Blue's Big Musical Movie (also known as Blue's Big Musical, Blue's Clues: The Movie and The Blue's Clues Movie) is a 2000 American direct-to-video live-action/animated musical film based on the Blue's Clues television series. It was released on VHS and DVD on October 3, 2000. The movie also aired on television, starting with a primetime premiere on January 13, 2002. A video game based on the film was released for the PlayStation around the same time, making it the only Blue's Clues video game on a home console other than the V.Smile.

Plot
Blue welcomes the viewer to the house where Mr. Salt and Mrs. Pepper are preparing to have a big music show until they hear snoring. Steve is still asleep, so Blue goes into the bedroom and helps Tickety Tock wake him up. When Steve wakes up, he needs help to get everything ready for the "You Can Be Anything You Wanna Be" show. Steve and the rest of his friends go into the kitchen to have breakfast. Periwinkle mishears about a magic show as he watches through the window and  heads off to practice his magic trick. Blue gives Steve a list of things to do. Steve makes up a plan about what Slippery Soap, Shovel and Pail, Mailbox, Tickety and Blue are going to sing about in the big music show. Tickety said Blue would be her duet and sing about being a classroom teacher.
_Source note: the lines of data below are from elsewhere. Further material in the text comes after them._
lemma rel_mult_l:
  assumes "blueprint B" "(M, N) \<in> bp_rel B" "b \<in> bp_carrier B"
  shows "(image_mset (bp_mult B b) M, image_mset (bp_mult B b) N) \<in> bp_rel B"
  using pre_addition_stable[OF bp_pre_addition assms(2) single_NA] assms
  by (simp add: msum_mult_single_l)

lemma zero_mult:
  assumes "blueprint B" "is_zero B e" "x \<in> bp_carrier B"
  shows "is_zero B (bp_mult B e x)"
  using rel_mult_r[OF assms(1) _ assms(3), of "{#e#}" "{#}"] assms
  by (auto simp: is_zero_def intro: monoid_closed bp_monoid)

subsection \<open>Linear extensions\<close>

text \<open>Generators of the linear extension are pairs of formal sums matched termwise by \<open>r\<close>.\<close>

lemma lin_gen_NA: "r \<subseteq> bp_carrier B \<times> bp_carrier B \<Longrightarrow> lin_gen r \<subseteq> NA B \<times> NA B"
  unfolding lin_gen_def NA_def by fastforce

lemma single_lin_gen: "(a, b) \<in> r \<Longrightarrow> ({#a#}, {#b#}) \<in> lin_gen r"
  unfolding lin_gen_def by (rule CollectI, rule exI[of _ "[(a, b)]"]) simp

lemma empty_lin_gen: "({#}, {#}) \<in> lin_gen r"
  unfolding lin_gen_def by (rule CollectI, rule exI[of _ "[]"]) simp

lemma lin_gen_refl:
  assumes "refl_on (bp_carrier B) r" "M \<in> NA B"
  shows "(M, M) \<in> lin_gen r"
proof -
  obtain xs where xs: "mset xs = M" using ex_mset by blast
  let ?ps = "map (\<lambda>x. (x, x)) xs"
  have "M = mset (map fst ?ps)" "M = mset (map snd ?ps)" using xs by (simp_all add: comp_def)
  moreover have "set ?ps \<subseteq> r" using assms xs by (auto simp: refl_on_def NA_def)
  ultimately show ?thesis unfolding lin_gen_def by blast
qed

lemma lin_gen_add:
  assumes "(M, N) \<in> lin_gen r" "(P, Q) \<in> lin_gen r"
  shows "(M + P, N + Q) \<in> lin_gen r"
proof -
  obtain ps where ps: "M = mset (map fst ps)" "N = mset (map snd ps)" "set ps \<subseteq> r"
    using assms(1) unfolding lin_gen_def by blast
  obtain qs where qs: "P = mset (map fst qs)" "Q = mset (map snd qs)" "set qs \<subseteq> r"
    using assms(2) unfolding lin_gen_def by blast
  have "M + P = mset (map fst (ps @ qs))" "N + Q = mset (map snd (ps @ qs))" using ps qs by auto
  moreover have "set (ps @ qs) \<subseteq> r" using ps qs by auto
  ultimately show ?thesis unfolding lin_gen_def by blast
qed

text \<open>The bilinear product of two termwise matched sums is termwise matched by the list of
  all pairwise products.\<close>

definition pair_products :: "('a, 'b) blueprint_scheme \<Rightarrow> ('a \<times> 'a) list \<Rightarrow> ('a \<times> 'a) list \<Rightarrow> ('a \<times> 'a) list" where
  "pair_products B ps qs =
     concat (map (\<lambda>p. map (\<lambda>q. (bp_mult B (fst p) (fst q), bp_mult B (snd p) (snd q))) qs) ps)"

lemma pair_products_fst:
  "mset (map fst (pair_products B ps qs)) = msum_mult B (mset (map fst ps)) (mset (map fst qs))"
  unfolding pair_products_def
  by (induction ps) (simp_all add: msum_mult_add multiset.map_comp comp_def)

lemma pair_products_snd:
  "mset (map snd (pair_products B ps qs)) = msum_mult B (mset (map snd ps)) (mset (map snd qs))"
  unfolding pair_products_def
  by (induction ps) (simp_all add: msum_mult_add multiset.map_comp comp_def)

lemma lin_gen_mult:
  assumes "(M, N) \<in> lin_gen r" "(P, Q) \<in> lin_gen r"
    and compat: "\<And>x x' y y'. (x, x') \<in> r \<Longrightarrow> (y, y') \<in> r \<Longrightarrow> (bp_mult B x y, bp_mult B x' y') \<in> r"
  shows "(msum_mult B M P, msum_mult B N Q) \<in> lin_gen r"
proof -
  obtain ps where ps: "M = mset (map fst ps)" "N = mset (map snd ps)" "set ps \<subseteq> r"
    using assms(1) unfolding lin_gen_def by blast
  obtain qs where qs: "P = mset (map fst qs)" "Q = mset (map snd qs)" "set qs \<subseteq> r"
    using assms(2) unfolding lin_gen_def by blast
  have "msum_mult B M P = mset (map fst (pair_products B ps qs))"
    "msum_mult B N Q = mset (map snd (pair_products B ps qs))"
    using ps qs by (metis pair_products_fst, metis pair_products_snd)
  moreover have "set (pair_products B ps qs) \<subseteq> r"
    using ps(3) qs(3) compat by (fastforce simp: pair_products_def)
  ultimately show ?thesis unfolding lin_gen_def by blast
qed

lemma lin_gen_map:
  assumes "(M, N) \<in> lin_gen r" "\<And>u v. (u, v) \<in> r \<Longrightarrow> (f u, f v) \<in> r'"
  shows "(image_mset f M, image_mset f N) \<in> lin_gen r'"
proof -
  obtain ps where ps: "M = mset (map fst ps)" "N = mset (map snd ps)" "set ps \<subseteq> r"
    using assms(1) unfolding lin_gen_def by blast
  let ?qs = "map (\<lambda>(u, v). (f u, f v)) ps"
  have "image_mset f M = mset (map fst ?qs)" "image_mset f N = mset (map snd ?qs)"
    using ps by (simp_all add: multiset.map_comp comp_def case_prod_beta)
  moreover have "set ?qs \<subseteq> r'" using ps(3) assms(2) by auto
  ultimately show ?thesis unfolding lin_gen_def by blast
qed

lemma lin_gen_sub_lin_ext: "lin_gen r \<subseteq> lin_ext B r"
  unfolding lin_ext_def by (rule gen_equiv_sub)

lemma lin_ext_equiv: "r \<subseteq> bp_carrier B \<times> bp_carrier B \<Longrightarrow> equiv (NA B) (lin_ext B r)"
  unfolding lin_ext_def by (rule gen_equiv_equiv, rule lin_gen_NA)

lemma lin_ext_map:
  assumes r: "r \<subseteq> bp_carrier B \<times> bp_carrier B" and r': "r' \<subseteq> bp_carrier B \<times> bp_carrier B"
    and f: "\<And>x. x \<in> bp_carrier B \<Longrightarrow> f x \<in> bp_carrier B"
    and fr: "\<And>u v. (u, v) \<in> r \<Longrightarrow> (f u, f v) \<in> r'"
    and MN: "(M, N) \<in> lin_ext B r"
  shows "(image_mset f M, image_mset f N) \<in> lin_ext B r'"
  using lin_ext_equiv[OF r']
proof (rule gen_equiv_map[where f = "image_mset f"])
  show "image_mset f M \<in> NA B" if "M \<in> NA B" for M using that f by (rule NA_image)
  show "lin_gen r \<subseteq> NA B \<times> NA B" by (rule lin_gen_NA[OF r])
  show "(M, N) \<in> gen_equiv (NA B) (lin_gen r)" using MN by (simp add: lin_ext_def)
  show "(image_mset f P, image_mset f Q) \<in> lin_ext B r'" if "(P, Q) \<in> lin_gen r" for P Q
    using lin_gen_map[where f = f, OF that fr] lin_gen_sub_lin_ext by blast
qed

lemma lin_ext_pre_addition:
  assumes mon: "is_monoid B" and eq: "equiv (bp_carrier B) r"
    and compat: "\<And>x x' y y'. (x, x') \<in> r \<Longrightarrow> (y, y') \<in> r \<Longrightarrow> (bp_mult B x y, bp_mult B x' y') \<in> r"
  shows "pre_addition B (lin_ext B r)"
proof -
  have rC: "r \<subseteq> bp_carrier B \<times> bp_carrier B" and rr: "refl_on (bp_carrier B) r"
    using eq by (auto simp: equiv_def)
  note refl = lin_gen_refl[OF rr]
  show ?thesis unfolding lin_ext_def
  proof (rule gen_equiv_pre_addition[OF mon lin_gen_NA[OF rC]])
    fix M N P assume MN: "(M, N) \<in> lin_gen r" and P: "P \<in> NA B"
    show "(M + P, N + P) \<in> lin_gen r \<and> (P + M, P + N) \<in> lin_gen r"
      using lin_gen_add[OF MN refl[OF P]] lin_gen_add[OF refl[OF P] MN] by blast
    show "(msum_mult B M P, msum_mult B N P) \<in> lin_gen r
      \<and> (msum_mult B P M, msum_mult B P N) \<in> lin_gen r"
      using lin_gen_mult[OF MN refl[OF P] compat] lin_gen_mult[OF refl[OF P] MN compat] by blast
  qed
qed

subsection \<open>Maximal ideals are prime\<close>

text \<open>Multiplication by \<open>b\<close> carries the relation \<open>\<sim>\<^sub>J\<close> into \<open>\<sim>\<^sub>I\<close> whenever it carries \<open>J\<close>
  into \<open>I\<close>: it respects the pre-addition and maps \<open>\<sim>\<^sup>J\<close> into \<open>\<sim>\<^sup>I\<close>.\<close>

lemma sim_sub_mult:
  assumes bp: "blueprint B" and b: "b \<in> bp_carrier B"
    and JI: "\<And>c. c \<in> J \<Longrightarrow> bp_mult B c b \<in> I"
    and xc: "(x, c) \<in> sim_sub B J"
  shows "(bp_mult B x b, bp_mult B c b) \<in> sim_sub B I"
proof -
  have mon: "is_monoid B" using bp by (rule bp_monoid)
  let ?f = "image_mset (\<lambda>y. bp_mult B y b)"
  let ?LJ = "lin_ext B (sim_sup B J)" and ?LI = "lin_ext B (sim_sup B I)"
  have x: "x \<in> bp_carrier B" and c: "c \<in> bp_carrier B"
    and chain: "({#x#}, {#c#}) \<in> (bp_rel B O ?LJ)\<^sup>+ O bp_rel B"
    using xc unfolding sim_sub_def by auto
  have f_rel: "(?f M, ?f N) \<in> bp_rel B" if "(M, N) \<in> bp_rel B" for M N
    using rel_mult_r[OF bp that b] .
  have f_lin: "(?f M, ?f N) \<in> ?LI" if "(M, N) \<in> ?LJ" for M N
    by (rule lin_ext_map[OF _ _ _ _ that]) (auto simp: sim_sup_def JI b mon monoid_closed)
  obtain K where K1: "({#x#}, K) \<in> (bp_rel B O ?LJ)\<^sup>+" and K2: "(K, {#c#}) \<in> bp_rel B"
    using chain by blast
  have "(?f {#x#}, ?f K) \<in> (bp_rel B O ?LI)\<^sup>+"
    by (rule trancl_map[OF K1]) (use f_rel f_lin in blast)
  with f_rel[OF K2] have "({#bp_mult B x b#}, {#bp_mult B c b#}) \<in> (bp_rel B O ?LI)\<^sup>+ O bp_rel B"
    by auto
  then show ?thesis unfolding sim_sub_def using x c b mon monoid_closed by auto
qed

lemma colon_ideal:
  assumes bp: "blueprint B" and I: "ideal B I" and b: "b \<in> bp_carrier B"
  shows "ideal B {c \<in> bp_carrier B. bp_mult B c b \<in> I}" (is "ideal B ?J")
proof -
  have mon: "is_monoid B" using bp by (rule bp_monoid)
  note I_def = I[unfolded ideal_def]
  show ?thesis unfolding ideal_def
  proof (intro conjI allI ballI impI)
    show "?J \<subseteq> bp_carrier B" by blast
    fix c d assume c: "c \<in> ?J" and d: "d \<in> bp_carrier B"
    then have cC: "c \<in> bp_carrier B" and cb: "bp_mult B c b \<in> I" by auto
    have "bp_mult B (bp_mult B c d) b = bp_mult B c (bp_mult B b d)"
      using cC d b by (simp add: mon monoid_assoc monoid_comm[of B d b])
    also have "\<dots> = bp_mult B (bp_mult B c b) d"
      using cC d b by (simp add: mon monoid_assoc)
    finally show "bp_mult B c d \<in> ?J"
      using cb d I_def monoid_closed[OF mon cC d] by simp
  next
    fix e assume "is_zero B e"
    then show "e \<in> ?J" using zero_mult[OF bp _ b] I_def by (auto simp: is_zero_def)
  next
    fix x c assume xc: "(x, c) \<in> sim_sub B ?J \<and> c \<in> ?J"
    have "(bp_mult B x b, bp_mult B c b) \<in> sim_sub B I"
      by (rule sim_sub_mult[OF bp b _ conjunct1[OF xc]]) simp
    moreover have "bp_mult B c b \<in> I" using xc by simp
    moreover have "x \<in> bp_carrier B" using xc by (simp add: sim_sub_def)
    ultimately show "x \<in> ?J" using I_def by blast
  qed
qed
Tickety loses her voice before the show, but she can ring her bells. But this makes Blue sad because she doesn't want to sing all alone. Luckily, she wants to play the game Blue's Clues to find another person to be her singing partner. Steve adds three clues to his list of things to do. Throughout the special, everyone works hard to prepare for the music show while Steve, Sidetable Drawer, and Periwinkle struggle to achieve certain goals. Steve wishes to be able to find a clue without the help of the viewers, Sidetable Drawer struggles to tell Steve her wish to be in the show, and Periwinkle fails to get Steve's attention to watch his magic tricks.
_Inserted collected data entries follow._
definition hq :: "real \<Rightarrow> real \<Rightarrow> real" where
  "hq q x = x * log q (q - 1)
      - (if x = 0 then 0 else x * log q x)
      - (if x = 1 then 0 else (1 - x) * log q (1 - x))"

definition gq :: "real \<Rightarrow> real \<Rightarrow> real" where
  "gq q x = 1 - hq q x"

definition prob_good :: "'f::{finite,field} itself \<Rightarrow> 'g::{finite,ab_group_add} itself
     \<Rightarrow> real \<Rightarrow> real \<Rightarrow> nat \<Rightarrow> real" where
  "prob_good _ _ r \<delta> n =
     (let k = nat (round (r * real n));
          M = (mats k n :: (nat \<Rightarrow> nat \<Rightarrow> ('g \<Rightarrow> 'f)) set)
      in real (card {A \<in> M. rel_distance n (code_of k n A) > ereal \<delta>}) / real (card M))"

end

theory Submission
  imports Defs "HOL-Library.FuncSet"
begin

text \<open>The code \<open>C\<^sub>A\<close> has relative distance at most \<open>\<delta>\<close> iff some message \<open>b\<close> has a nonzero
  codeword \<open>b A\<close> of weight at most \<open>\<delta> m n\<close>. For fixed \<open>b\<close> the entries of \<open>b\<close> generate an
  ideal \<open>J\<close> of \<open>FG\<close>, and \<open>A \<mapsto> b A\<close> maps \<open>(FG)\<^bsup>k\<times>n\<^esup>\<close> additively onto \<open>J\<^sup>n\<close>, so \<open>b A\<close> is
  uniformly distributed on \<open>J\<^sup>n\<close>. As \<open>J\<close> is a translation-invariant \<open>F\<close>-subspace of \<open>F\<^sup>G\<close>, an
  information set of \<open>J\<close> and an averaging over its translates show that \<open>J\<^sup>n\<close> contains at most
  \<open>m |J|\<^bsup>n h\<^sub>q(\<delta>)\<^esup>\<close> such light words. At most \<open>|J|\<^sup>k\<close> messages generate \<open>J\<close> and \<open>|J| \<ge> 2\<close>, so
  the union bound over messages gives a failure probability of at most a constant times
  \<open>2\<^bsup>k - n g\<^sub>q(\<delta>)\<^esup>\<close>, which decays exponentially when \<open>r < g\<^sub>q(\<delta>)\<close>.\<close>

lemma ga_mult_add_right: "ga_mult b (x + y) = ga_mult b x + ga_mult b y"
  unfolding ga_mult_def by (auto simp: fun_eq_iff distrib_left sum.distrib)
text \<open>Axiom (3) of a Gabriel topology, applied to the conductor \<open>(U : x)\<close>.\<close>
lemma quot_F_torsion_free_F_saturation:
  assumes G: "gabriel_topology F" and U: "submodule s U"
  shows "quot_F_torsion_free s F (F_saturation F U)"
  unfolding quot_F_torsion_free_def
proof (intro ballI allI impI)
  fix a x assume a: "a \<in> F" and ax: "\<forall>r\<in>a. s r x \<in> F_saturation F U"
  let ?c = "{t. s t x \<in> U}"
  have c: "ring_ideal ?c" by (rule ring_ideal_conductor[OF U])
  have "colon_ideal ?c r \<in> F" if "r \<in> a" for r
  proof -
    obtain b where b: "b \<in> F" "\<forall>t\<in>b. s t (s r x) \<in> U"
      using ax \<open>r \<in> a\<close> unfolding F_saturation_def by blast
    then have "b \<subseteq> colon_ideal ?c r" by (auto simp: colon_ideal_def scale_scale)
    then show ?thesis using gabriel_topology_mono[OF G b(1) ring_ideal_colon_ideal[OF c]] by blast
  qed
  then have "?c \<in> F" using gabriel_topology_colon[OF G c a] by blast
  then show "x \<in> F_saturation F U" unfolding F_saturation_def by (intro CollectI bexI) simp_all
qed

lemma F_saturation_eq_UNIV:
  assumes G: "gabriel_topology F" and simple: "simple_F_torsion_free s F"
    and U: "submodule s U" "U \<noteq> {0}"
  shows "F_saturation F U = UNIV"
proof (rule ccontr)
  assume "F_saturation F U \<noteq> UNIV"
  moreover have "F_saturation F U \<noteq> {0}"
    using F_saturation_superset[OF G U(1)] U submodule_zero[OF U(1)] by blast
  ultimately show False
    using simple submodule_F_saturation[OF G U(1)] quot_F_torsion_free_F_saturation[OF G U(1)]
    unfolding simple_F_torsion_free_def by blast
qed

lemma simple_F_torsion_free_prime_module:
  assumes simple: "simple_F_torsion_free s F"
  shows "prime_module s"
proof (rule prime_moduleI)
  show nontrivial: "(UNIV :: 'm set) \<noteq> {0}"
    using simple by (simp add: simple_F_torsion_free_def)
  fix r
  have "quot_F_torsion_free s F {x. s r x = 0}"
    unfolding quot_F_torsion_free_def
  proof (intro ballI allI impI)
    fix a x assume a: "a \<in> F" and ax: "\<forall>t\<in>a. s t x \<in> {x. s r x = 0}"
    then have "\<forall>t\<in>a. s t (s r x) = 0" by (simp add: scale_commute)
    then have "s r x = 0"
      using simple a unfolding simple_F_torsion_free_def F_torsion_free_iff by blast
    then show "x \<in> {x. s r x = 0}" by simp
  qed
  then have "{x. s r x = 0} = {0} \<or> {x. s r x = 0} = UNIV"
    using simple submodule_kernel unfolding simple_F_torsion_free_def by blast
  then show "(\<forall>x. s r x = 0) \<or> (\<forall>x. s r x = 0 \<longrightarrow> x = 0)" by blast
qed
Soon enough, the show is almost ready. Steve has found two of the three clues and has checked off almost everything on the list. With the help of a musical note named G-Cleft (Ray Charles), Steve manages to write his song and just has the last clue to find. After some encouragement from the others, Steve manages to find the last clue without any assistance. He learns that Sidetable Drawer should be Blue's singing partner but is unable to find her because he assigned her to other tasks throughout the special and she has run off despondent. Periwinkle and Sidetable Drawer find each other and, after lamenting about their failed goals, come up with an idea to accomplish both. Periwinkle performs a magic trick that makes Sidetable Drawer reappear in front of everyone and Sidetable Drawer finally gets her wish to participate in the music show.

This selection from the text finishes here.